• What you have to do:
Look through the records and copy every line in which "that" appears.

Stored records
━━━━━━━━━━━━━━━━━━━━━━━━━━━━━━

(* Let $A$ be a Lie conformal algebra and $M$ an $A$-module with a commutative associative product such that $\partial^M$ and all $a_\lambda$ are derivations of it. For $\xi\in\tilde\Gamma_h(A,M)$ and $\zeta\in\tilde\Gamma_j(A,M)$ the contraction operators on $\tilde\Gamma^\bullet(A,M)$ satisfy $\iota_\xi\iota_\zeta=(-1)^{hj}\iota_\zeta\iota_\xi$.
   Context: $\mathbb F$ field of characteristic 0. $\tilde\Gamma^k(A,M)$: $\mathbb F$-linear $\tilde\gamma:A^{\otimes k}\to\mathbb F[\lambda_1,\dots,\lambda_k]\otimes M$ with $\tilde\gamma(\dots,\partial a_i,\dots)=-\lambda_i\tilde\gamma(\dots)$ and skew-symmetric under simultaneous permutations of the $a_i$ and $\lambda_i$. $\tilde\Gamma_h(A,M)$: quotient of $A^{\otimes h}\otimes\mathrm{Hom}_{\mathbb F}(\mathbb F[\lambda_1,\dots,\lambda_h],M)$ by (C1) $\cdots\otimes\partial a_i\otimes\cdots\otimes\phi=-\cdots\otimes\lambda_i^*\phi$ where $(\lambda_i^*\phi)(f)=\phi(\lambda_if)$, and (C2) $a_{\sigma(1)}\otimes\cdots\otimes a_{\sigma(h)}\otimes\sigma^*\phi=\mathrm{sign}(\sigma)a_1\otimes\cdots\otimes a_h\otimes\phi$ where $(\sigma^*\phi)(f(\lambda_1,..,\lambda_h))=\phi(f(\lambda_{\sigma(1)},..,\lambda_{\sigma(h)}))$. Contraction: for $\xi$ represented by $a_1\otimes\cdots\otimes a_h\otimes\phi$ and $\tilde\gamma\in\tilde\Gamma^k$, $k\ge h$, $(\iota_\xi\tilde\gamma)_{\lambda_{h+1},\dots,\lambda_k}(a_{h+1},\dots,a_k)=\phi^\mu(\tilde\gamma_{\lambda_1,\dots,\lambda_k}(a_1,\dots,a_k))$, where $\phi^\mu:\mathbb F[\lambda_1,\dots,\lambda_h]\otimes M\to M$, $f\otimes m\mapsto\phi(f)\,m$, applied coefficientwise in $\lambda_{h+1},\dots,\lambda_k$; $\iota_\xi=0$ on $\tilde\Gamma^k$ for $k<h$; extended linearly in $\xi$ (this is well defined and lands in $\tilde\Gamma^{k-h}$). *)

theory Defs
  imports "HOL-Computational_Algebra.Polynomial" "HOL-Library.Poly_Mapping"
          "HOL-Combinatorics.Permutations"
begin

definition Fdmod :: "('f::field \<Rightarrow> 'v::ab_group_add \<Rightarrow> 'v) \<Rightarrow> ('v \<Rightarrow> 'v) \<Rightarrow> bool" where
  "Fdmod s d \<longleftrightarrow> vector_space s \<and>
     (\<forall>x y. d (x + y) = d x + d y) \<and> (\<forall>c x. d (s c x) = s c (d x))"

text \<open>lambda-brackets [a_lambda b] and lambda-actions a_lambda m are polynomials in one
  variable lambda with coefficients in A (resp. M), i.e. elements of F[lambda] (x) A,
  represented as \<open>'a poly\<close>.\<close>
definition conf_rep ::
  "('f::field \<Rightarrow> 'a::ab_group_add \<Rightarrow> 'a) \<Rightarrow> ('a \<Rightarrow> 'a) \<Rightarrow> ('a \<Rightarrow> 'a \<Rightarrow> 'a poly) \<Rightarrow>
   ('f \<Rightarrow> 'v::ab_group_add \<Rightarrow> 'v) \<Rightarrow> ('v \<Rightarrow> 'v) \<Rightarrow> ('a \<Rightarrow> 'v \<Rightarrow> 'v poly) \<Rightarrow> bool" where
  "conf_rep sA dA br sV dV act \<longleftrightarrow>
     \<comment> \<open>F-bilinearity\<close>
     (\<forall>a b x n. coeff (act (a + b) x) n = coeff (act a x) n + coeff (act b x) n) \<and>
     (\<forall>a x y n. coeff (act a (x + y)) n = coeff (act a x) n + coeff (act a y) n) \<and>
     (\<forall>c a x n. coeff (act (sA c a) x) n = sV c (coeff (act a x) n)) \<and>
     (\<forall>c a x n. coeff (act a (sV c x)) n = sV c (coeff (act a x) n)) \<and>
     \<comment> \<open>(d a)_lambda x = - lambda a_lambda x\<close>
     (\<forall>a x n. coeff (act (dA a) x) n =
                 (if n = 0 then 0 else - coeff (act a x) (n - 1))) \<and>
     \<comment> \<open>a_lambda (d x) = (d + lambda) a_lambda x\<close>
     (\<forall>a x n. coeff (act a (dV x)) n =
                 dV (coeff (act a x) n) + (if n = 0 then 0 else coeff (act a x) (n - 1))) \<and>
     \<comment> \<open>a_lambda (b_mu x) - b_mu (a_lambda x) = [a_lambda b]_{lambda+mu} x,
         coefficient of lambda^m mu^n\<close>
     (\<forall>a b x m n. coeff (act a (coeff (act b x) n)) m - coeff (act b (coeff (act a x) m)) n =
        (\<Sum>p\<le>m. sV (of_nat ((m - p + n) choose n))
                     (coeff (act (coeff (br a b) p) x) (m - p + n))))"

text \<open>Lie conformal algebra: F[d]-module with a lambda-bracket that is sesquilinear,
  skew-symmetric ([b_lambda a] = - [a_{-lambda-d} b]) and satisfies the Jacobi identity.\<close>
definition lie_conformal_algebra ::
  "('f::field \<Rightarrow> 'a::ab_group_add \<Rightarrow> 'a) \<Rightarrow> ('a \<Rightarrow> 'a) \<Rightarrow> ('a \<Rightarrow> 'a \<Rightarrow> 'a poly) \<Rightarrow> bool" where
  "lie_conformal_algebra sA dA br \<longleftrightarrow>
     Fdmod sA dA \<and> conf_rep sA dA br sA dA br \<and>
     (\<forall>a b m. coeff (br b a) m =
        - (\<Sum>n\<le>degree (br a b). sA (of_int ((-1) ^ n * int (n choose m)))
                                   ((dA ^^ (n - m)) (coeff (br a b) n))))"

definition conformal_module ::
  "('f::field \<Rightarrow> 'a::ab_group_add \<Rightarrow> 'a) \<Rightarrow> ('a \<Rightarrow> 'a) \<Rightarrow> ('a \<Rightarrow> 'a \<Rightarrow> 'a poly) \<Rightarrow>
   ('f \<Rightarrow> 'm::ab_group_add \<Rightarrow> 'm) \<Rightarrow> ('m \<Rightarrow> 'm) \<Rightarrow> ('a \<Rightarrow> 'm \<Rightarrow> 'm poly) \<Rightarrow> bool" where
  "conformal_module sA dA br sM dM act \<longleftrightarrow> Fdmod sM dM \<and> conf_rep sA dA br sM dM act"

definition derivation_product ::
  "('f::field \<Rightarrow> 'm::comm_ring \<Rightarrow> 'm) \<Rightarrow> ('m \<Rightarrow> 'm) \<Rightarrow> ('a \<Rightarrow> 'm \<Rightarrow> 'm poly) \<Rightarrow> bool" where
  "derivation_product sM dM act \<longleftrightarrow>
     (\<forall>c x y. sM c (x * y) = sM c x * y) \<and>
     (\<forall>x y. dM (x * y) = dM x * y + x * dM y) \<and>
     (\<forall>a x y n. coeff (act a (x * y)) n = coeff (act a x) n * y + x * coeff (act a y) n)"

text \<open>Polynomials in the variables lambda_1, lambda_2, ... with coefficients in V are
  represented as finitely supported maps from exponent vectors to V;
  the variable lambda_(i+1) has index i.  F[lambda_1..lambda_k] (x) V consists of those
  whose exponent vectors only involve indices < k.\<close>
type_synonym 'v mpoly = "(nat \<Rightarrow>\<^sub>0 nat) \<Rightarrow>\<^sub>0 'v"

definition in_vars :: "nat \<Rightarrow> 'v::zero mpoly \<Rightarrow> bool" where
  "in_vars k P \<longleftrightarrow> (\<forall>e\<in>Poly_Mapping.keys P. Poly_Mapping.keys e \<subseteq> {..<k})"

━━━━━━━━━━━━━━━━━━━━━━━━━━━━━━

• Written reply:
(* Let $A$ be a Lie conformal algebra and $M$ an $A$-module with a commutative associative product such that $\partial^M$ and all $a_\lambda$ are derivations of it. For $\xi\in\tilde\Gamma_h(A,M)$ and $\zeta\in\tilde\Gamma_j(A,M)$ the contraction operators on $\tilde\Gamma^\bullet(A,M)$ satisfy $\iota_\xi\iota_\zeta=(-1)^{hj}\iota_\zeta\iota_\xi$.
text \<open>Lie conformal algebra: F[d]-module with a lambda-bracket that is sesquilinear,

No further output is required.